On proper regression modeling in varieties research
Abstract
One particularly prominent methodological development in linguistics is what has been termed the “quantitative turn”: Not only are more and more studies using statistical tools to explore data and to test hypotheses, the complexity of the statistical methods employed is growing as well.
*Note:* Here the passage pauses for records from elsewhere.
section \<open>Markov centered Gaussian processes\<close>

lemma (in prob_space) centered_gaussian_process_iexp3:
  assumes gauss: "centered_gaussian_process M T X C" and T: "r \<in> T" "s \<in> T" "t \<in> T"
    and sym: "\<And>x y. x \<in> T \<Longrightarrow> y \<in> T \<Longrightarrow> C x y = C y x"
  shows "(CLINT \<omega>|M. iexp (\<alpha> * X r \<omega> + \<beta> * X s \<omega> + \<gamma> * X t \<omega>))
    = exp (- (\<alpha>\<^sup>2 * C r r + \<beta>\<^sup>2 * C s s + \<gamma>\<^sup>2 * C t t
              + 2 * \<alpha> * \<beta> * C r s + 2 * \<alpha> * \<gamma> * C r t + 2 * \<beta> * \<gamma> * C s t) / 2)"
proof -
  have [measurable]: "X r \<in> borel_measurable M" "X s \<in> borel_measurable M" "X t \<in> borel_measurable M"
    using centered_gaussian_process_measurable[OF gauss] T by auto
  have "char (distr M borel (\<lambda>\<omega>. \<Sum>i<length [r, s, t]. [\<alpha>, \<beta>, \<gamma>] ! i * X ([r, s, t] ! i) \<omega>)) 1
      = exp (- ((\<Sum>i<length [r, s, t]. \<Sum>j<length [r, s, t].
                   [\<alpha>, \<beta>, \<gamma>] ! i * [\<alpha>, \<beta>, \<gamma>] ! j * C ([r, s, t] ! i) ([r, s, t] ! j)) * 1\<^sup>2) / 2)"
    using centered_gaussian_process_char[OF gauss, of "[r, s, t]" "[\<alpha>, \<beta>, \<gamma>]" 1] T by simp
  then show ?thesis
    using sym[of s r] sym[of t r] sym[of t s] T
    by (simp add: char_def integral_distr numeral_3_eq_3 power2_eq_square algebra_simps)
qed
This development is particularly prominent in all kinds of corpus-linguistic studies: 20 years ago chi-squared tests, t-tests, and Pearson’s r reigned supreme, but now more and more corpus studies are using multivariate exploratory tools and, for hypothesis testing, multifactorial predictive modeling techniques, in particular regression models (and, increasingly, tree-based methods). However welcome this development is, it, and especially its pace as well as the fact that few places offer rigorous training in statistical methods, comes with its own risks, chief among them that analytical methods are misapplied, which can lead imprecise, incomplete, or wrong analyses. In this paper, I will revisit a recent regression-analytic study in the research area of English varieties (Parviainen & Fuchs 2018 on clause-final also and only in three Asian Englishes) to:
- highlight in particular three fundamental yet frequent mistakes that it exemplifies;
- discuss why and how each of these mistakes should be addressed;
- reanalyze the data (as far as is possible with what is available) and show briefly how that affects the analysis’s results and interpretation.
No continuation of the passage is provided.